**WORK TO BE COMPLETED**
Transcribe exactly everything in the data below from the line containing "text \<open>The graph is given by a" down to the line containing "finite C \<and>", both lines included and nothing further.
[[ SOURCE MATERIAL open ]]
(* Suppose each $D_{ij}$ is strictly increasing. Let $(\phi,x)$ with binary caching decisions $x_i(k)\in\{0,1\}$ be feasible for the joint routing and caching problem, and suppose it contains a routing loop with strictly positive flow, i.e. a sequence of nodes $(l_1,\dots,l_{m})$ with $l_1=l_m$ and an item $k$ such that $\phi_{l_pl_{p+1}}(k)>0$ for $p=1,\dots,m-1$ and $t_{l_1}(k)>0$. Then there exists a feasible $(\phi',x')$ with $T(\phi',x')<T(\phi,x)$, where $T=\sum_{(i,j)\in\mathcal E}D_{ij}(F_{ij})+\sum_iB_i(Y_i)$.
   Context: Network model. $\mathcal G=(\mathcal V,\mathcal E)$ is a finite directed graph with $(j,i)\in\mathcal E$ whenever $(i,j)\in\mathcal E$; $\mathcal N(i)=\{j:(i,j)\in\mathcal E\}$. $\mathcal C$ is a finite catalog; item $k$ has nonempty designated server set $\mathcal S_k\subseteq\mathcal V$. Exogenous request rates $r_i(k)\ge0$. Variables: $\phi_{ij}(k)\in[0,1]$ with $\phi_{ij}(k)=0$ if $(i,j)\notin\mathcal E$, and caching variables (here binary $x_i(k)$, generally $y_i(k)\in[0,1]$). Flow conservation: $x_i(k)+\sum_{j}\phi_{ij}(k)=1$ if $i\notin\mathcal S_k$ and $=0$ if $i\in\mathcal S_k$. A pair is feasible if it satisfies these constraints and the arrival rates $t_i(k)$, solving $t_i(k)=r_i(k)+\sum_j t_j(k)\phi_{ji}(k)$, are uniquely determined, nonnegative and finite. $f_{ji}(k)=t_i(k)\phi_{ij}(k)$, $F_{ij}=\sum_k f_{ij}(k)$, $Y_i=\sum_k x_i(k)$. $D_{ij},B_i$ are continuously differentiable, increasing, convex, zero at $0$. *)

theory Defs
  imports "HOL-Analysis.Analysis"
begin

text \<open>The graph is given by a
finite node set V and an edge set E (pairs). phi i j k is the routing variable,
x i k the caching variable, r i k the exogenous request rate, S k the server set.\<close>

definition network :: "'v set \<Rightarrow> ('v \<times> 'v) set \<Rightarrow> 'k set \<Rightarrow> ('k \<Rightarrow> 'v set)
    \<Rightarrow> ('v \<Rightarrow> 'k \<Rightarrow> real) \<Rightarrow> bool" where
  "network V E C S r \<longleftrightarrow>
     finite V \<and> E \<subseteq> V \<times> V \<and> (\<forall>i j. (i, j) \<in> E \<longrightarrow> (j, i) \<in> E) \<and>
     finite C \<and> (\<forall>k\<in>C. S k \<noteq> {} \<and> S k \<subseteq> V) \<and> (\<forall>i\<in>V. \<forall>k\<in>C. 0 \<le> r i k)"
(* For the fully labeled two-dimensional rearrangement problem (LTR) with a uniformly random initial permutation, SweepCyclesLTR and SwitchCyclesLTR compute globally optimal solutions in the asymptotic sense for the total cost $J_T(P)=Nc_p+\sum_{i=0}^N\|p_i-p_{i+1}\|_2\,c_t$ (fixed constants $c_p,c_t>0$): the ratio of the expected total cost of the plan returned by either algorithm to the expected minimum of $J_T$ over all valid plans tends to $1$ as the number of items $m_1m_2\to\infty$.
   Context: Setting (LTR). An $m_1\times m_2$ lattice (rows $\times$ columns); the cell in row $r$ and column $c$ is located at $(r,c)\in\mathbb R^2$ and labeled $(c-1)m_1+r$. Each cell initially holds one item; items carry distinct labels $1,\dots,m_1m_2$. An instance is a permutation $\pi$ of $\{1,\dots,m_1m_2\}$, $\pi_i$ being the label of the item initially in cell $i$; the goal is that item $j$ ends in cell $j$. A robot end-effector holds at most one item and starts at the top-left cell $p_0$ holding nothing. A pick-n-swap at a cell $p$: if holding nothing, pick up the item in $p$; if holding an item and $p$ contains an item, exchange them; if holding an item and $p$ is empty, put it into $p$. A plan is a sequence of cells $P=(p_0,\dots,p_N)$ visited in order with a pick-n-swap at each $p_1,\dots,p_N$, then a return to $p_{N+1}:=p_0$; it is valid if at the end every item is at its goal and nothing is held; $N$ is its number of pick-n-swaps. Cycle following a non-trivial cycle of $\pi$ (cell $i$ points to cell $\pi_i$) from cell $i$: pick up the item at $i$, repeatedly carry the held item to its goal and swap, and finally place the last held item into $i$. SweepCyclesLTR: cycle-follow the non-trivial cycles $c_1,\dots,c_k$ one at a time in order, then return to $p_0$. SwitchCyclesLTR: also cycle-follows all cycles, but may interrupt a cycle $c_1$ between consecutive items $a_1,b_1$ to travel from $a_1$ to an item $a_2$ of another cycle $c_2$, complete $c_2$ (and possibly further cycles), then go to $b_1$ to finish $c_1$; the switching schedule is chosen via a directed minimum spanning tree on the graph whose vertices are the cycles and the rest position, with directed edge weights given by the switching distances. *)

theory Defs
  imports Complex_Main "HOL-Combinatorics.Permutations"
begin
[[ SOURCE MATERIAL closed ]]
[[ SOURCE MATERIAL open ]]
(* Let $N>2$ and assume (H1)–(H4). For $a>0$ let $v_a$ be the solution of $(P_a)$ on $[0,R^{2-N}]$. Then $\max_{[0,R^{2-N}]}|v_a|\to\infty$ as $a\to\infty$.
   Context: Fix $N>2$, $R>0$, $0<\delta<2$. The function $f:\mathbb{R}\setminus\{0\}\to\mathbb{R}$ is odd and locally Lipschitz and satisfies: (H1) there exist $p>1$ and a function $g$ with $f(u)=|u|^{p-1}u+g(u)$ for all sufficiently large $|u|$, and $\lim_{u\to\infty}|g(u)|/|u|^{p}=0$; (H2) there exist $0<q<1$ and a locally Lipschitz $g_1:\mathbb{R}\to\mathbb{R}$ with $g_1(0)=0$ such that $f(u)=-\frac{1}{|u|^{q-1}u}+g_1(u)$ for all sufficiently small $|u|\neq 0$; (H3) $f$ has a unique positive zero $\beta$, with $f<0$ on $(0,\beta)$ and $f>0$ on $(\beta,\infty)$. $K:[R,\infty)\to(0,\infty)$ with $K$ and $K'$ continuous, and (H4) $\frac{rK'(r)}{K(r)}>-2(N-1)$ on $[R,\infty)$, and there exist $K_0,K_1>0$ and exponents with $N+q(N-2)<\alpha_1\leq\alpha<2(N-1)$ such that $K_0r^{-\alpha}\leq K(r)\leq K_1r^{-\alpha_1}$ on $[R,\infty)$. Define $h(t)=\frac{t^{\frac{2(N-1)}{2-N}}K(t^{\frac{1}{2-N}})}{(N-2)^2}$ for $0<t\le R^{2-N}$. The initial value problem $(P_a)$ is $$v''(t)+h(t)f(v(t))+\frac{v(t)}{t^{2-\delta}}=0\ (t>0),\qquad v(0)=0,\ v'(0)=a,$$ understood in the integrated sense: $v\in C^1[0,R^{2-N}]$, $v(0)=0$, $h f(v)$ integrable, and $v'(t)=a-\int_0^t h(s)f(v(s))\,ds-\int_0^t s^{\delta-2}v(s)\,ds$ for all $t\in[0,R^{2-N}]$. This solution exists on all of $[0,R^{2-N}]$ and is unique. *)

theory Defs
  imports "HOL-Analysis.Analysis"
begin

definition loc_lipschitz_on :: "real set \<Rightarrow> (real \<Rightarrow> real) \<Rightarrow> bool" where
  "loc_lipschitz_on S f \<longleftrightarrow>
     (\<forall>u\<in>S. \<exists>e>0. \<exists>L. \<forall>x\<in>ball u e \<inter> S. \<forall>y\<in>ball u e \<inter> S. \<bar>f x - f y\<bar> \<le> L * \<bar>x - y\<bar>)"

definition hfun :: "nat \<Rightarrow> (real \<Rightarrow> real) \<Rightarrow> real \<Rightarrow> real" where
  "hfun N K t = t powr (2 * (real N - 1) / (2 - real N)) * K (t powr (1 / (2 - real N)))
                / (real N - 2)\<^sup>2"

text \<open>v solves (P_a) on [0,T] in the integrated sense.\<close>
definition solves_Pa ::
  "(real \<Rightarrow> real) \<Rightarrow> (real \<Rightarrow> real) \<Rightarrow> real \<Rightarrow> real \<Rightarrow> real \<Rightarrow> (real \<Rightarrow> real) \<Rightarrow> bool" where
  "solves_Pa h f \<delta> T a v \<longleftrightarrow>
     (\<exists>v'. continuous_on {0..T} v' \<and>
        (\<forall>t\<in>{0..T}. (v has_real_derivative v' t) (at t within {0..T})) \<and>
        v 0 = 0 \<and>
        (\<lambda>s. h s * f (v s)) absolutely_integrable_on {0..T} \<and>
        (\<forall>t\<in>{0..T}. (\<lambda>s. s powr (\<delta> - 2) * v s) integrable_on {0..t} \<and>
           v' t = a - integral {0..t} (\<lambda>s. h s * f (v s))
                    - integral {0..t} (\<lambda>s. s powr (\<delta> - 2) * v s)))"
[[ SOURCE MATERIAL closed ]]
**YOUR RESPONSE**
text \<open>The graph is given by a
finite node set V and an edge set E (pairs). phi i j k is the routing variable,
x i k the caching variable, r i k the exogenous request rate, S k the server set.\<close>

definition network :: "'v set \<Rightarrow> ('v \<times> 'v) set \<Rightarrow> 'k set \<Rightarrow> ('k \<Rightarrow> 'v set)
    \<Rightarrow> ('v \<Rightarrow> 'k \<Rightarrow> real) \<Rightarrow> bool" where
  "network V E C S r \<longleftrightarrow>
     finite V \<and> E \<subseteq> V \<times> V \<and> (\<forall>i j. (i, j) \<in> E \<longrightarrow> (j, i) \<in> E) \<and>
     finite C \<and> (\<forall>k\<in>C. S k \<noteq> {} \<and> S k \<subseteq> V) \<and> (\<forall>i\<in>V. \<forall>k\<in>C. 0 \<le> r i k)"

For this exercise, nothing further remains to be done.